Go line by line through the listing below and copy those that hold "swap".

━━━━━━━━━━━━━━━━━━━━━━━━━━━━━━

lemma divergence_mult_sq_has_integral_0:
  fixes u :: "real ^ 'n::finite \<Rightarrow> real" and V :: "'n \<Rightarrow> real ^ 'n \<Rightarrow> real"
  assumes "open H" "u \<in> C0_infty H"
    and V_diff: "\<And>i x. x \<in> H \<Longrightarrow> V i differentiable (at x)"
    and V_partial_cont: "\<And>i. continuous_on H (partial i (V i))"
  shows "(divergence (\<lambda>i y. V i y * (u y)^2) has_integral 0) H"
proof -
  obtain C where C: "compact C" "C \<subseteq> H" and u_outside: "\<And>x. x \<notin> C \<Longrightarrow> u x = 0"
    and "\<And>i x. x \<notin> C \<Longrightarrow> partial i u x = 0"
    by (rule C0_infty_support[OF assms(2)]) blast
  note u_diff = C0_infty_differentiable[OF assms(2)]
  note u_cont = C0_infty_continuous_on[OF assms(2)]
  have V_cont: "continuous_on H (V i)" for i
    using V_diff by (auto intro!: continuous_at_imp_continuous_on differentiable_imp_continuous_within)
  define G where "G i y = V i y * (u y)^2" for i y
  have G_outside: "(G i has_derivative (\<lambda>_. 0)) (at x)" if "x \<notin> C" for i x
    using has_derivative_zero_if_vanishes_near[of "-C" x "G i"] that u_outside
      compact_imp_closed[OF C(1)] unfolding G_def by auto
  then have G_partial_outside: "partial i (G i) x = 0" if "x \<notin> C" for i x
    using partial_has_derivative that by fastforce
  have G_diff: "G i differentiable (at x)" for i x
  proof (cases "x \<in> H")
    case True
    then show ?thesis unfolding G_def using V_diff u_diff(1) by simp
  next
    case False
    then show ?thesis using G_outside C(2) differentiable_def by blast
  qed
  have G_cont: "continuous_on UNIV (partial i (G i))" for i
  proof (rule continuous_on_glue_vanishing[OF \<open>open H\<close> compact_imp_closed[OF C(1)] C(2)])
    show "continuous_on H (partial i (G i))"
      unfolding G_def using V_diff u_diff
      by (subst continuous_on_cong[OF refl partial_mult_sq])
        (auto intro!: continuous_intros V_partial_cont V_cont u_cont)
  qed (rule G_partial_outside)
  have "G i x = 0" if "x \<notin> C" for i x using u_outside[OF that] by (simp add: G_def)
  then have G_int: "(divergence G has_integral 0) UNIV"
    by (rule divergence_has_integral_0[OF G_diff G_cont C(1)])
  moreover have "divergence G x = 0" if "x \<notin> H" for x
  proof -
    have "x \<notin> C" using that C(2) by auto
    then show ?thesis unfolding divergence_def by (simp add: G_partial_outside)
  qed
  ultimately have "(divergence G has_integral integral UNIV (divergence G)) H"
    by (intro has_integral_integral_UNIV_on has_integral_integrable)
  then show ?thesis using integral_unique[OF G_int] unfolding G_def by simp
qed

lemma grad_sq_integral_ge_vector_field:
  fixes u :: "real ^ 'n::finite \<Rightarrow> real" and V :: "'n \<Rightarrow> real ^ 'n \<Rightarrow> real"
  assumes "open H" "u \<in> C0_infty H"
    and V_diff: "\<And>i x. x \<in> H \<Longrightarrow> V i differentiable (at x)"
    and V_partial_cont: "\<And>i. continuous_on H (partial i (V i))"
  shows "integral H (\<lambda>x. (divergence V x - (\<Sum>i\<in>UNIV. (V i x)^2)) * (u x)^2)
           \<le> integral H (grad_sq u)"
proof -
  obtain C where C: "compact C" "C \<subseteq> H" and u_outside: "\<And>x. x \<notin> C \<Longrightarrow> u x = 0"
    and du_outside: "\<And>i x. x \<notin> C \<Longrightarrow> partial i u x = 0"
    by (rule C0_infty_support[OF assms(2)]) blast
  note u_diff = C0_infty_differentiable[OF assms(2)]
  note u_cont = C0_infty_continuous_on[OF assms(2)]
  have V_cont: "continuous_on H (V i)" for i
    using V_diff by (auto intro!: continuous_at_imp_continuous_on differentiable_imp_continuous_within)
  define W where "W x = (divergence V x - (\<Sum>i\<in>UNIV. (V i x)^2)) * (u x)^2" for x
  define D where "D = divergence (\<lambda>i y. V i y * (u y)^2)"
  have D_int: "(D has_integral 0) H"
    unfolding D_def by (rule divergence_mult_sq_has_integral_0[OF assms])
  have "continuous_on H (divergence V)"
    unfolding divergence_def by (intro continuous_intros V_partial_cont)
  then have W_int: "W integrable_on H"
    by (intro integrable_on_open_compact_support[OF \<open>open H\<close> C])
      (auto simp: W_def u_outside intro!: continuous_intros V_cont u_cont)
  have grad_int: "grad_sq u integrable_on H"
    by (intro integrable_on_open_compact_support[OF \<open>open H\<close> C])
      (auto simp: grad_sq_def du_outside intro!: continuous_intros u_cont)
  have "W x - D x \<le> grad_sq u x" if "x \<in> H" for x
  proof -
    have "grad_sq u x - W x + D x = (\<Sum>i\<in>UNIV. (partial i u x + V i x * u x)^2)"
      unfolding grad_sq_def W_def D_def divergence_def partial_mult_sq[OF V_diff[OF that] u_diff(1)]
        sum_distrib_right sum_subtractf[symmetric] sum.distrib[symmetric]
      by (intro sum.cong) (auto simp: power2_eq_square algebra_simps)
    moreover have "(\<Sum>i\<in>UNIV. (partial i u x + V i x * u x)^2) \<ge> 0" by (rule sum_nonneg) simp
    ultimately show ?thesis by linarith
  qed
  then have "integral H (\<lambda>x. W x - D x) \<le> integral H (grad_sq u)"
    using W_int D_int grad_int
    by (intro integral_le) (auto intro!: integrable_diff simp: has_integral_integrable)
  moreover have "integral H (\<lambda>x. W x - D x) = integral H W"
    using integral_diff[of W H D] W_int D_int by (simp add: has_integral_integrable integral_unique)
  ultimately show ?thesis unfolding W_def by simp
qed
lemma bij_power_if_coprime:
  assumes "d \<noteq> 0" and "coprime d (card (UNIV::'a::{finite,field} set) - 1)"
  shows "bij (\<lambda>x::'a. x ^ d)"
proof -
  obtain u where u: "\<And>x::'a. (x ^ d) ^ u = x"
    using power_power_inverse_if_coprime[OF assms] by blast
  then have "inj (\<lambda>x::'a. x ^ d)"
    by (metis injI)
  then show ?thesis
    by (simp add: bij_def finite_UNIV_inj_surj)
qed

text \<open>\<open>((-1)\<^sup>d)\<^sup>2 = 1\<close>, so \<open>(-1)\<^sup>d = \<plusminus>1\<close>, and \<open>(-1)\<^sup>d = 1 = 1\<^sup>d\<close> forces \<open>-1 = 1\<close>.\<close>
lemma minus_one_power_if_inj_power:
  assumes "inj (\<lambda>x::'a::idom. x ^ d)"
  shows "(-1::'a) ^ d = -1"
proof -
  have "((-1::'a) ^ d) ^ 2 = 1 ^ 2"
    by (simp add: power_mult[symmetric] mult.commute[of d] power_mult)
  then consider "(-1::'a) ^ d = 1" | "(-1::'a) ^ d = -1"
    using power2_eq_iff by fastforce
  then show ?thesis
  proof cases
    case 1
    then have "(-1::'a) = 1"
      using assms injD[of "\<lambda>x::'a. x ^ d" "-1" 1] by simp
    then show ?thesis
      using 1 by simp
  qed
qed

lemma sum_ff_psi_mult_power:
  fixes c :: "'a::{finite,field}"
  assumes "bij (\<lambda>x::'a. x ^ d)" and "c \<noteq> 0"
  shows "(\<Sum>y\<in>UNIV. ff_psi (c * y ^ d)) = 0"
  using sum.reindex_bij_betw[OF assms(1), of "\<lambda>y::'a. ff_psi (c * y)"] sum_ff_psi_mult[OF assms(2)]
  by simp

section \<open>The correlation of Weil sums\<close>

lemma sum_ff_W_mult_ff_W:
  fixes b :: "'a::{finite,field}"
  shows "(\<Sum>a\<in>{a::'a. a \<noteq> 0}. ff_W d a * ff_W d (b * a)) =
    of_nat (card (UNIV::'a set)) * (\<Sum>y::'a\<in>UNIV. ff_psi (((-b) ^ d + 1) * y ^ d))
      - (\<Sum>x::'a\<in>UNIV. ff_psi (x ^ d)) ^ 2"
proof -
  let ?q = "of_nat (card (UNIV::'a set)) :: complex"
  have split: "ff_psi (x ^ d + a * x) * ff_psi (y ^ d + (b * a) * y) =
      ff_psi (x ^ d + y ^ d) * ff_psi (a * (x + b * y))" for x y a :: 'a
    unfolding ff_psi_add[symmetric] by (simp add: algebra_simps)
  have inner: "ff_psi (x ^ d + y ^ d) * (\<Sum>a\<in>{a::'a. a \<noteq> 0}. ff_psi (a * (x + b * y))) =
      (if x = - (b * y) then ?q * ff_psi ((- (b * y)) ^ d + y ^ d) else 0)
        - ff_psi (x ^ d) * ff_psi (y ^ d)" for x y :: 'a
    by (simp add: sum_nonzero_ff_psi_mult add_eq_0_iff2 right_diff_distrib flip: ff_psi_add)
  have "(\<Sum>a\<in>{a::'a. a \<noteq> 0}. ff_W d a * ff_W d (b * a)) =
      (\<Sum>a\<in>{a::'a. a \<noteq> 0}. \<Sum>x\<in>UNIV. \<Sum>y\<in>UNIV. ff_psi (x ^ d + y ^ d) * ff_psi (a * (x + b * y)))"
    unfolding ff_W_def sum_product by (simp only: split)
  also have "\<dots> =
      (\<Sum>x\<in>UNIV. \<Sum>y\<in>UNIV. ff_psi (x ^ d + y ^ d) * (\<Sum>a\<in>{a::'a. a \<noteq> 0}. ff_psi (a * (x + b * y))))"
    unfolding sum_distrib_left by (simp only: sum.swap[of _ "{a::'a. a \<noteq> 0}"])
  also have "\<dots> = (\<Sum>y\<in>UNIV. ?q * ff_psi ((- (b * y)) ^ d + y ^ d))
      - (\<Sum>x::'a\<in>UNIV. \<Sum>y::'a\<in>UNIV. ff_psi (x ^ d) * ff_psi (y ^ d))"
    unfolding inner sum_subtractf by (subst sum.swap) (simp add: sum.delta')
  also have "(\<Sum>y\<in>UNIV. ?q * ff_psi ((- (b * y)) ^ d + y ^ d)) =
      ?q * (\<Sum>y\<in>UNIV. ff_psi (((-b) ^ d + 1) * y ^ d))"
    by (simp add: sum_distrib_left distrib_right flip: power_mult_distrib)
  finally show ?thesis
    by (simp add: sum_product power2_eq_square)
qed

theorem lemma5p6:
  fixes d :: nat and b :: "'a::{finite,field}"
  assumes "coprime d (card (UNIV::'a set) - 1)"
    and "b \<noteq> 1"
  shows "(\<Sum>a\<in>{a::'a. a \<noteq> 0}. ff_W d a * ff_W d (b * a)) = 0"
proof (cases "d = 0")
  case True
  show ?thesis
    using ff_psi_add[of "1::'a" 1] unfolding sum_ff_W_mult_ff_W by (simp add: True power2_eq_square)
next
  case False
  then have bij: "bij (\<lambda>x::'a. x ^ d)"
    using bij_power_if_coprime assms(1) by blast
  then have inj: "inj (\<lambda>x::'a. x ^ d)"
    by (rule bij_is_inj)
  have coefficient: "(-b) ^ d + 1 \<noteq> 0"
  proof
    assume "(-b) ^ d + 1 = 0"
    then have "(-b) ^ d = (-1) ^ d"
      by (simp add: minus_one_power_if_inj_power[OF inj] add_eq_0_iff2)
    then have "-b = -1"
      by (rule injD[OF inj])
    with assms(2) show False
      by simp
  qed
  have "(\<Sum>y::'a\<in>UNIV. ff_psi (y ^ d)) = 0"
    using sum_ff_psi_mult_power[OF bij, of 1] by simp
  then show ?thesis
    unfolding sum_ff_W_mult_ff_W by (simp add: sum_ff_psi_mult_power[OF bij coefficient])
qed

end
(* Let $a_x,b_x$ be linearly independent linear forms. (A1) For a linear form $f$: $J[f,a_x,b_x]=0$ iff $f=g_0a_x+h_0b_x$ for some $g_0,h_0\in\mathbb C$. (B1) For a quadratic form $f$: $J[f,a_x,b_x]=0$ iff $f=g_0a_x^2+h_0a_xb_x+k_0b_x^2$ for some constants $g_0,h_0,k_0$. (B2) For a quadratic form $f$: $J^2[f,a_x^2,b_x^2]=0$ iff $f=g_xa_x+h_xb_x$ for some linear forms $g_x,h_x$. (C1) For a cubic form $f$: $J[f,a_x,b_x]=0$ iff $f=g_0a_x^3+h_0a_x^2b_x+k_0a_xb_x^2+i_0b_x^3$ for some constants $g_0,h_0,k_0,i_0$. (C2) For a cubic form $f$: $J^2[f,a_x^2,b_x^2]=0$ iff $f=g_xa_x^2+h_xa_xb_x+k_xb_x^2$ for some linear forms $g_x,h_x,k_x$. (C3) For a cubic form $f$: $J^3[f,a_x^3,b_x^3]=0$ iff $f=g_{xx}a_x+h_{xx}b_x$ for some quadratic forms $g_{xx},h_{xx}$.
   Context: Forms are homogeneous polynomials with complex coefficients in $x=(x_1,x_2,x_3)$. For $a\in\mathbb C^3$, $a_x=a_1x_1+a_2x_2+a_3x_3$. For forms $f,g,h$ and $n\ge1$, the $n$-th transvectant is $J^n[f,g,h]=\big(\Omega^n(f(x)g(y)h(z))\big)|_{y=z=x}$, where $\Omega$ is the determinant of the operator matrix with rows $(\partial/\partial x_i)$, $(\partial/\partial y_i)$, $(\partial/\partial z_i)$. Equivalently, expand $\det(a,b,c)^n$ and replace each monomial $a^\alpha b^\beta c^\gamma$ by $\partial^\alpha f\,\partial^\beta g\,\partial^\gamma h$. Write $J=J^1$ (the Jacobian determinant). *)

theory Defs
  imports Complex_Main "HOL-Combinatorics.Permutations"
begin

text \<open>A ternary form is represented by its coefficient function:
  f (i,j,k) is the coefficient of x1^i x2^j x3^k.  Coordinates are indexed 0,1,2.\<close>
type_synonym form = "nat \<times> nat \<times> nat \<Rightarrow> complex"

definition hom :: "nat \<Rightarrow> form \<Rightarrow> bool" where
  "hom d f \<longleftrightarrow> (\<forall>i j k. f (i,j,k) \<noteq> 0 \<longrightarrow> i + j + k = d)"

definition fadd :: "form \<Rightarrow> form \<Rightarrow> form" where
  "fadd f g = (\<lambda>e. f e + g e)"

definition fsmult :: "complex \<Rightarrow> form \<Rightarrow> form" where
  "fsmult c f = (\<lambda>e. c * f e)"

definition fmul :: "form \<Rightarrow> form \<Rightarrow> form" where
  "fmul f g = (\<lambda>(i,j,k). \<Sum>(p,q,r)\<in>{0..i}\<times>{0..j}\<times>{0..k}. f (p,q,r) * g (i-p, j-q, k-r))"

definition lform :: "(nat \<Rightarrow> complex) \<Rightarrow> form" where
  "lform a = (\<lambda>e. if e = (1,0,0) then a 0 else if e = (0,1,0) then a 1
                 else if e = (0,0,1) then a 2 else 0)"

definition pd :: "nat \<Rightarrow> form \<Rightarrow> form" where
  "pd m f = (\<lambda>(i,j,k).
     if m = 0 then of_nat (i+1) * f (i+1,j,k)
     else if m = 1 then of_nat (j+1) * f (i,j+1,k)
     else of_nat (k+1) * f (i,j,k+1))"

━━━━━━━━━━━━━━━━━━━━━━━━━━━━━━

_SOLUTION FOR THIS EXERCISE_
    unfolding sum_distrib_left by (simp only: sum.swap[of _ "{a::'a. a \<noteq> 0}"])
    unfolding inner sum_subtractf by (subst sum.swap) (simp add: sum.delta')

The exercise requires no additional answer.